Implications and Future Directions
The collaborative memory framework provides a principled foundation for secure, efficient, and interpretable knowledge sharing in multi-agent, multi-user LLM systems. Its modular design allows integration with alternative memory architectures (e.g., hierarchical or graph-based memory) and supports fine-grained, adaptive policy specification.

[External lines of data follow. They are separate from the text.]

text \<open>\<open>u\<close> and \<open>p\<close> stand for \<open>r v\<^sub>1'(r)\<close> and \<open>r v\<^sub>2'(r)\<close>; keeping them abstract lets the
  derivative rules use the equations of \<open>(P)\<^sub>\<tau>\<close> for them instead of differentiating \<open>deriv\<close>.\<close>
lemma pohozaev_deriv_identity:
  fixes v1 v2 u p :: "real \<Rightarrow> real"
  assumes r: "r > 0"
    and dv1: "(v1 has_real_derivative deriv v1 r) (at r)"
    and dv2: "(v2 has_real_derivative deriv v2 r) (at r)"
    and du: "(u has_real_derivative - (r powr (2*N+1) * exp (v1 r) - \<tau> * (r * exp (v2 r)))) (at r)"
    and dp: "(p has_real_derivative - (r * exp (v2 r) - \<tau> * (r powr (2*N+1) * exp (v1 r)))) (at r)"
    and ur: "u r = r * deriv v1 r" and pr: "p r = r * deriv v2 r"
  shows "((\<lambda>s. 2 * (1 - \<tau>\<^sup>2) * (s powr (2 * (N + 1)) * exp (v1 s) + s\<^sup>2 * exp (v2 s))
     + 2 * (2 * N + 2 + 2 * \<tau>) * u s + 2 * (2 + \<tau> * (2 * N + 2)) * p s
     + (u s)\<^sup>2 + (p s)\<^sup>2 + 2 * \<tau> * u s * p s) has_real_derivative 0) (at r)"
proof -
  have exponent: "r powr (2 * (N + 1) - 1) = r powr (2*N+1)"
    by (simp add: algebra_simps)
  have power: "r powr (2 * (N + 1)) = r powr (2*N+1) * r"
    using powr_add[of r "2*N+1" 1] r by (simp add: algebra_simps)
  show ?thesis
    apply (rule derivative_eq_intros dv1 dv2 du dp r refl)+
    unfolding exponent power ur pr
    by (simp add: power2_eq_square algebra_simps)
qed

lemma pohozaev_has_derivative_0:
  assumes sol: "radial_solution N \<tau> v1 v2" and r: "r > 0"
  shows "(pohozaev N \<tau> v1 v2 has_real_derivative 0) (at r)"
  unfolding pohozaev_def[abs_def]
  using r radial_solution_has_deriv[OF sol r] radial_solution_flux_has_deriv[OF sol r]
  by (intro pohozaev_deriv_identity[where u = "\<lambda>s. s * deriv v1 s" and p = "\<lambda>s. s * deriv v2 s"])
    simp_all

lemma radial_solution_flux_tendsto_0:
  assumes sol: "radial_solution N \<tau> v1 v2" and N: "N > 0" and \<tau>: "0 < \<tau>" "\<tau> < 1"
  shows "((\<lambda>s. s * deriv v1 s) \<longlongrightarrow> 0) (at_right 0)" "((\<lambda>s. s * deriv v2 s) \<longlongrightarrow> 0) (at_right 0)"
proof -
  have cont: "continuous_on {0..} v1" "continuous_on {0..} v2"
    using sol unfolding radial_solution_def by auto
  have bounded_above: "\<exists>B. \<forall>s\<in>{0..1}. v s \<le> B" if "continuous_on {0..} v" for v :: "real \<Rightarrow> real"
    using continuous_attains_sup[OF compact_Icc _ continuous_on_subset[OF that], of 0 1] by force
  obtain B1 where B1: "\<And>s. s \<in> {0..1} \<Longrightarrow> v1 s \<le> B1"
    using bounded_above[OF cont(1)] by blast
  obtain B2 where B2: "\<And>s. s \<in> {0..1} \<Longrightarrow> v2 s \<le> B2"
    using bounded_above[OF cont(2)] by blast
  have rhs_bound: "\<bar>- (X - \<tau> * Y)\<bar> \<le> A + B"
    if "0 \<le> X" "X \<le> A" "0 \<le> Y" "Y \<le> B" for X Y A B
  proof -
    have "0 \<le> \<tau> * Y" "\<tau> * Y \<le> Y"
      using that \<tau> by (auto intro: mult_left_le_one_le)
    with that show ?thesis
      by (simp only: abs_le_iff) linarith
  qed
  have bounds_near_0: "s powr (2*N+1) * exp (v1 s) \<le> exp B1" "s * exp (v2 s) \<le> exp B2"
    if "0 < s" "s \<le> 1" for s
  proof -
    have "s powr (2*N+1) * exp (v1 s) \<le> exp (v1 s)"
      using that N by (intro mult_left_le_one_le powr_le1) auto
    also have "\<dots> \<le> exp B1"
      using B1[of s] that by simp
    finally show "s powr (2*N+1) * exp (v1 s) \<le> exp B1" .
    have "s * exp (v2 s) \<le> exp (v2 s)"
      using that by (intro mult_left_le_one_le) auto
    also have "\<dots> \<le> exp B2"
      using B2[of s] that by simp
    finally show "s * exp (v2 s) \<le> exp B2" .
  qed
  show "((\<lambda>s. s * deriv v1 s) \<longlongrightarrow> 0) (at_right 0)"
    by (rule times_deriv_tendsto_0_at_right[where K = "exp B1 + exp B2",
          OF cont(1) radial_solution_has_deriv(1)[OF sol] radial_solution_flux_has_deriv(1)[OF sol]])
      (assumption | rule rhs_bound bounds_near_0 | simp)+
  show "((\<lambda>s. s * deriv v2 s) \<longlongrightarrow> 0) (at_right 0)"
    by (rule times_deriv_tendsto_0_at_right[where K = "exp B2 + exp B1",
          OF cont(2) radial_solution_has_deriv(2)[OF sol] radial_solution_flux_has_deriv(2)[OF sol]])
      (assumption | rule rhs_bound bounds_near_0 | simp)+
qed

lemma pohozaev_tendsto_0_at_right:
  assumes sol: "radial_solution N \<tau> v1 v2" and N: "N > 0" and \<tau>: "0 < \<tau>" "\<tau> < 1"
  shows "(pohozaev N \<tau> v1 v2 \<longlongrightarrow> 0) (at_right 0)"
proof -
  note flux_lim = radial_solution_flux_tendsto_0[OF sol N \<tau>]
  have v_lim: "(v1 \<longlongrightarrow> v1 0) (at_right 0)" "(v2 \<longlongrightarrow> v2 0) (at_right 0)"
    using sol unfolding radial_solution_def continuous_on_def by (auto intro: tendsto_within_subset)
  have powr_lim: "((\<lambda>s::real. s powr (2 * (N + 1))) \<longlongrightarrow> 0) (at_right 0)"
    using N by (auto intro!: tendsto_zero_powrI simp: eventually_at_right_field intro: exI[of _ 1])
  have "(pohozaev N \<tau> v1 v2 \<longlongrightarrow> 2 * (1 - \<tau>\<^sup>2) * (0 * exp (v1 0) + 0\<^sup>2 * exp (v2 0))
      + 2 * (2 * N + 2 + 2 * \<tau>) * 0 + 2 * (2 + \<tau> * (2 * N + 2)) * 0 + 0\<^sup>2 + 0\<^sup>2 + 2 * \<tau> * 0 * 0)
      (at_right 0)"
    unfolding pohozaev_def[abs_def]
    by (intro tendsto_intros powr_lim v_lim flux_lim tendsto_ident_at)
  then show ?thesis by simp
qed

lemma pohozaev_eq_0:
  assumes sol: "radial_solution N \<tau> v1 v2" and N: "N > 0" and \<tau>: "0 < \<tau>" "\<tau> < 1"
    and r: "r > 0"
  shows "pohozaev N \<tau> v1 v2 r = 0"
proof -
  obtain c where c: "\<And>s. s \<in> {0<..} \<Longrightarrow> pohozaev N \<tau> v1 v2 s = c"
    using has_field_derivative_zero_constant[of "{0<..}" "pohozaev N \<tau> v1 v2"]
      pohozaev_has_derivative_0[OF sol] by (force intro: has_field_derivative_at_within)
  have "\<forall>\<^sub>F s in at_right 0. pohozaev N \<tau> v1 v2 s = c"
    unfolding eventually_at_right_field using c by (auto intro!: exI[of _ 1])
  with pohozaev_tendsto_0_at_right[OF sol N \<tau>] have "((\<lambda>_. c) \<longlongrightarrow> 0) (at_right (0::real))"
    by (rule Lim_transform_eventually)
  then have "c = 0" by (simp add: tendsto_const_iff)
  with c r show ?thesis by simp
qed

lemma quadratic_identity_bounds:
  fixes \<tau> a b L U P A :: real
  assumes \<tau>: "0 < \<tau>" "\<tau> < 1" and a: "0 < a" "a \<le> L" and b: "0 < b" "b \<le> L" and A: "0 \<le> A"
    and eq: "2 * (1 - \<tau>\<^sup>2) * A + 2 * a * U + 2 * b * P + U\<^sup>2 + P\<^sup>2 + 2 * \<tau> * U * P = 0"
  defines "M \<equiv> 4 * L / (1 - \<tau>)"
  shows "\<bar>U\<bar> \<le> M" "\<bar>P\<bar> \<le> M" "A \<le> 2 * L * M / (1 - \<tau>\<^sup>2)"
proof -
  have "\<tau> * \<tau> < 1 * 1"
    using \<tau> by (intro mult_strict_mono) auto
  then have \<tau>2: "0 < 1 - \<tau>\<^sup>2"
    by (simp add: power2_eq_square)
  have "0 \<le> \<tau> * (U + P)\<^sup>2"
    using \<tau> by simp
  then have definite: "(1 - \<tau>) * (U\<^sup>2 + P\<^sup>2) \<le> U\<^sup>2 + P\<^sup>2 + 2 * \<tau> * U * P"
    by (simp add: power2_eq_square algebra_simps)
  have linear: "- (c * X) \<le> L * \<bar>X\<bar>" if "0 < c" "c \<le> L" for c X
  proof -
    have "- (c * X) \<le> c * \<bar>X\<bar>"
      using abs_ge_minus_self[of "c * X"] that by (simp add: abs_mult)
    also have "\<dots> \<le> L * \<bar>X\<bar>"
      using that by (intro mult_right_mono) auto
    finally show ?thesis .
  qed
  with eq definite linear[OF a, of U] linear[OF b, of P] have main: "(1 - \<tau>) * (U\<^sup>2 + P\<^sup>2) + 2 * (1 - \<tau>\<^sup>2) * A \<le> 2 * L * (\<bar>U\<bar> + \<bar>P\<bar>)"
    by (simp add: algebra_simps)
  have A_part: "0 \<le> 2 * (1 - \<tau>\<^sup>2) * A" and sq_part: "0 \<le> (1 - \<tau>) * (U\<^sup>2 + P\<^sup>2)"
    using \<tau>2 A \<tau> by auto
  define m where "m = max \<bar>U\<bar> \<bar>P\<bar>"
  have "(1 - \<tau>) * m\<^sup>2 \<le> (1 - \<tau>) * (U\<^sup>2 + P\<^sup>2)"
    using \<tau> by (intro mult_left_mono) (auto simp: m_def max_def)
  also have "\<dots> \<le> 2 * L * (\<bar>U\<bar> + \<bar>P\<bar>)"
    using main A_part by linarith
  also have "\<dots> \<le> 2 * L * (2 * m)"
    using a by (intro mult_left_mono) (auto simp: m_def)
  finally have "((1 - \<tau>) * m) * m \<le> (4 * L) * m"
    by (simp add: power2_eq_square algebra_simps)
  moreover have "0 \<le> m"
    by (simp add: m_def)
  ultimately have "(1 - \<tau>) * m \<le> 4 * L"
    using a by (cases "m = 0") (auto intro: mult_right_le_imp_le)
  then have "m \<le> M"
    using \<tau> unfolding M_def by (simp add: pos_le_divide_eq mult.commute)
  then show UP: "\<bar>U\<bar> \<le> M" "\<bar>P\<bar> \<le> M"
    by (auto simp: m_def)
  have "2 * (1 - \<tau>\<^sup>2) * A \<le> 2 * L * (\<bar>U\<bar> + \<bar>P\<bar>)"
    using main sq_part by linarith
  also have "\<dots> \<le> 2 * L * (2 * M)"
    using UP a by (intro mult_left_mono) auto
  finally show "A \<le> 2 * L * M / (1 - \<tau>\<^sup>2)"
    using \<tau>2 by (simp add: field_simps)
qed

lemma radial_solution_bounds:
  assumes sol: "radial_solution N \<tau> v1 v2" and N: "N > 0" and \<tau>: "0 < \<tau>" "\<tau> < 1"
    and r: "r > 0"
  defines "M \<equiv> 4 * (2 * N + 4) / (1 - \<tau>)"
  defines "K \<equiv> 2 * (2 * N + 4) * M / (1 - \<tau>\<^sup>2)"
  shows "\<bar>r * deriv v1 r\<bar> \<le> M" "\<bar>r * deriv v2 r\<bar> \<le> M"
    "r powr (2 * (N + 1)) * exp (v1 r) + r\<^sup>2 * exp (v2 r) \<le> K"
proof -
  have "0 \<le> \<tau> * (2 * N + 2)" "\<tau> * (2 * N + 2) \<le> 2 * N + 2"
    using N \<tau> by (auto intro: mult_left_le_one_le)
  then have coeffs: "0 < 2 * N + 2 + 2 * \<tau>" "2 * N + 2 + 2 * \<tau> \<le> 2 * N + 4"
    "0 < 2 + \<tau> * (2 * N + 2)" "2 + \<tau> * (2 * N + 2) \<le> 2 * N + 4"
    using N \<tau> by linarith+
  have "0 \<le> r powr (2 * (N + 1)) * exp (v1 r) + r\<^sup>2 * exp (v2 r)"
    by simp
  from quadratic_identity_bounds[OF \<tau> coeffs this pohozaev_eq_0[OF sol N \<tau> r, unfolded pohozaev_def]]
  show "\<bar>r * deriv v1 r\<bar> \<le> M" "\<bar>r * deriv v2 r\<bar> \<le> M"
    "r powr (2 * (N + 1)) * exp (v1 r) + r\<^sup>2 * exp (v2 r) \<le> K"
    unfolding M_def K_def by simp_all
qed

lemma times_deriv_bound_imp_log_lipschitz:
  fixes v :: "real \<Rightarrow> real"
  assumes dv: "\<And>r. r > 0 \<Longrightarrow> (v has_real_derivative deriv v r) (at r)"
    and bd: "\<And>r. r > 0 \<Longrightarrow> \<bar>r * deriv v r\<bar> \<le> M"
    and "x > 0" "y > 0"
  shows "\<bar>v x - v y\<bar> \<le> M * \<bar>ln x - ln y\<bar>"
proof -
  have "norm (v (exp (ln x)) - v (exp (ln y))) \<le> M * norm (ln x - ln y)"
  proof (rule field_differentiable_bound[OF convex_UNIV])
    show "((\<lambda>t. v (exp t)) has_field_derivative deriv v (exp t) * exp t) (at t within UNIV)" for t
      by (rule DERIV_chain2[OF dv DERIV_exp]) simp
    show "norm (deriv v (exp t) * exp t) \<le> M" for t
      using bd[of "exp t"] by (simp add: mult.commute)
  qed auto
  with assms show ?thesis by simp
qed

lemma harnack_inequality:
  fixes v :: "real \<Rightarrow> real"
  assumes dv: "\<And>r. r > 0 \<Longrightarrow> (v has_real_derivative deriv v r) (at r)"
    and bd: "\<And>r. r > 0 \<Longrightarrow> \<bar>r * deriv v r\<bar> \<le> M"
    and mass: "\<And>r. r > 0 \<Longrightarrow> r powr n * exp (v r) \<le> K"
    and K: "K > 0" and r0: "r0 > 0" and \<rho>: "\<rho> \<ge> 1" and \<gamma>: "0 \<le> \<gamma>" "\<gamma> \<le> 1"
  shows "(SUP r\<in>{r0..\<rho>*r0}. v r) \<le> \<gamma> * (INF r\<in>{r0..\<rho>*r0}. v r)
           + n * (\<gamma> - 1) * ln r0 + M * ln \<rho> + \<bar>ln K\<bar>"
proof -
  define S where "S = {r0..\<rho>*r0}"
  have r0S: "r0 \<in> S"
    using r0 \<rho> by (simp add: S_def)
  have "0 \<le> M"
    using bd[of 1] by simp
  have oscillation: "v x \<le> v y + M * ln \<rho>" if "x \<in> S" "y \<in> S" for x y
  proof -
    have "ln r0 \<le> ln x" "ln x \<le> ln (\<rho> * r0)" "ln r0 \<le> ln y" "ln y \<le> ln (\<rho> * r0)"
      using that r0 by (auto simp: S_def)
    then have "\<bar>ln x - ln y\<bar> \<le> ln (\<rho> * r0) - ln r0"
      by linarith
    also have "\<dots> = ln \<rho>"
      using r0 \<rho> by (simp add: ln_mult)
    finally have "M * \<bar>ln x - ln y\<bar> \<le> M * ln \<rho>"
      using \<open>0 \<le> M\<close> by (rule mult_left_mono)
    moreover have "\<bar>v x - v y\<bar> \<le> M * \<bar>ln x - ln y\<bar>"
      using that r0 by (intro times_deriv_bound_imp_log_lipschitz[OF dv bd]) (auto simp: S_def)
    ultimately show ?thesis
      by linarith
  qed
  define I where "I = (INF r\<in>S. v r)"
  have "bdd_below (v ` S)"
    using oscillation r0S by (intro bdd_belowI2[of _ "v r0 - M * ln \<rho>"]) force
  then have I_le: "I \<le> v r0"
    unfolding I_def by (rule cINF_lower[OF _ r0S])
  have le_I: "v x - M * ln \<rho> \<le> I" if "x \<in> S" for x
    unfolding I_def using r0S oscillation that by (intro cINF_greatest) force+
  have "ln (r0 powr n * exp (v r0)) \<le> ln K"
    using mass[OF r0] K r0 by simp
  then have "n * ln r0 + v r0 \<le> ln K"
    using r0 by (simp add: ln_mult)
  then have "(1 - \<gamma>) * I \<le> (1 - \<gamma>) * (\<bar>ln K\<bar> - n * ln r0)"
    using I_le \<gamma> by (intro mult_left_mono) auto
  moreover have "(1 - \<gamma>) * \<bar>ln K\<bar> \<le> \<bar>ln K\<bar>"
    using \<gamma> by (simp add: mult_left_le_one_le)
  ultimately have "v x \<le> \<gamma> * I + n * (\<gamma> - 1) * ln r0 + M * ln \<rho> + \<bar>ln K\<bar>" if "x \<in> S" for x
    using le_I[OF that] by (simp add: algebra_simps)
  then show ?thesis
    unfolding S_def[symmetric] I_def[symmetric] using r0S by (intro cSUP_least) auto
qed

The approach is directly applicable to enterprise assistants, productivity platforms, and distributed workflow systems where privacy, compliance, and efficiency are paramount.
Future research directions include: (1) developing large-scale, realistic multi-user benchmarks; (2) extending the framework to support concurrent, low-latency operations at enterprise scale; (3) integrating more sophisticated policy languages (e.g., ABAC) and automated policy synthesis; and (4) exploring formal verification of policy compliance in the presence of probabilistic LLM outputs.
Conclusion
This work formalizes the problem of collaborative memory in multi-user, multi-agent LLM systems, introducing a two-tier memory architecture with dynamic, provenance-aware access control. The framework enables safe, efficient, and auditable knowledge sharing under asymmetric, time-varying permissions, and demonstrates substantial reductions in resource utilization without compromising accuracy or privacy. The approach lays the groundwork for scalable, trustworthy multi-agent AI systems in complex, real-world environments.